(* If $G$ is a unicyclic graph of order $n\ge 3$, then $N(G)\ge \frac{n^2+3n-4}{2}$, with equality if and only if $G$ is isomorphic to the tadpole graph $G_{3,n-3}$.
   Context: A unicyclic graph is a connected finite simple graph containing exactly one cycle. $N(G)$ denotes the number of nonempty vertex sets $S\subseteq V(G)$ such that the induced subgraph $G[S]$ is connected. The tadpole graph $G_{p,q}$ is the graph of order $p+q$ obtained by identifying a vertex of the cycle $C_p$ with an endpoint of the path on $q+1$ vertices; in particular $G_{3,n-3}$ is obtained by identifying a vertex of a triangle $K_3$ with an endpoint of the path on $n-2$ vertices. *)

theory Defs
  imports Complex_Main
begin

definition simple_graph :: "'a set \<Rightarrow> 'a set set \<Rightarrow> bool" where
  "simple_graph V E \<longleftrightarrow> finite V \<and>
     (\<forall>e\<in>E. \<exists>u v. e = {u, v} \<and> u \<noteq> v \<and> u \<in> V \<and> v \<in> V)"

definition adj_in :: "'a set set \<Rightarrow> 'a set \<Rightarrow> ('a \<times> 'a) set" where
  "adj_in E S = {(x, y). x \<in> S \<and> y \<in> S \<and> {x, y} \<in> E}"

definition connected_set :: "'a set set \<Rightarrow> 'a set \<Rightarrow> bool" where
  "connected_set E S \<longleftrightarrow> S \<noteq> {} \<and> (\<forall>u\<in>S. \<forall>v\<in>S. (u, v) \<in> (adj_in E S)\<^sup>*)"

definition N_conn :: "'a set \<Rightarrow> 'a set set \<Rightarrow> nat" where
  "N_conn V E = card {S. S \<subseteq> V \<and> connected_set E S}"

text \<open>A cycle of the graph, identified with its (nonempty, finite) edge set F \<subseteq> E:
  the subgraph formed by F is connected and every vertex on it has degree exactly 2.\<close>
definition is_cycle :: "'a set set \<Rightarrow> 'a set set \<Rightarrow> bool" where
  "is_cycle E F \<longleftrightarrow> F \<subseteq> E \<and> F \<noteq> {} \<and> finite F \<and>
     connected_set F (\<Union>F) \<and> (\<forall>v\<in>\<Union>F. card {e\<in>F. v \<in> e} = 2)"

definition unicyclic :: "'a set \<Rightarrow> 'a set set \<Rightarrow> bool" where
  "unicyclic V E \<longleftrightarrow> simple_graph V E \<and> connected_set E V \<and> (\<exists>!F. is_cycle E F)"

text \<open>Tadpole graph G_{p,q} on vertices 0..p+q-1: cycle 0,1,...,p-1 and path p-1,p,...,p+q-1.\<close>
definition tadpole_V :: "nat \<Rightarrow> nat \<Rightarrow> nat set" where
  "tadpole_V p q = {0..<p+q}"

definition tadpole_E :: "nat \<Rightarrow> nat \<Rightarrow> nat set set" where
  "tadpole_E p q = {{i, (i + 1) mod p} | i. i < p} \<union> {{i, i + 1} | i. p - 1 \<le> i \<and> i + 1 < p + q}"

definition graph_iso :: "'a set \<Rightarrow> 'a set set \<Rightarrow> 'b set \<Rightarrow> 'b set set \<Rightarrow> bool" where
  "graph_iso V E V' E' \<longleftrightarrow> (\<exists>f. bij_betw f V V' \<and>
     (\<forall>u\<in>V. \<forall>v\<in>V. {u, v} \<in> E \<longleftrightarrow> {f u, f v} \<in> E'))"

end

theory Submission
  imports Defs
begin

text \<open>Split the connected sets of G at a vertex w into those avoiding w and those containing w.
  In a connected graph on n vertices the latter include one of every size from 1 to n, and one more
  for every size that occurs twice; if the graph contains a cycle, some size always occurs twice.
  Deleting a non-cut vertex w off the cycle therefore gives N(G) \<ge> N(G - w) + n + 1, and induction
  on n yields the bound (a graph that is just a cycle satisfies it with equality for n = 3 and
  strictly for n \<ge> 4). In the case of equality, G - w is the tadpole G_{3,n-4} and w is a leaf whose
  neighbour lies in the least possible number n of connected sets of G - w; in the tadpole only the
  end of the path does, because through a vertex with two neighbours there are two connected sets
  of size 2 and two of size 3.\<close>


section \<open>Connected vertex sets\<close>

lemma connected_set_singleton [simp]: "connected_set E {a}"
  unfolding connected_set_def by auto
______
Your objective
Examine each line of the listing for the word "close" and state only how many lines contain it.

Output below
4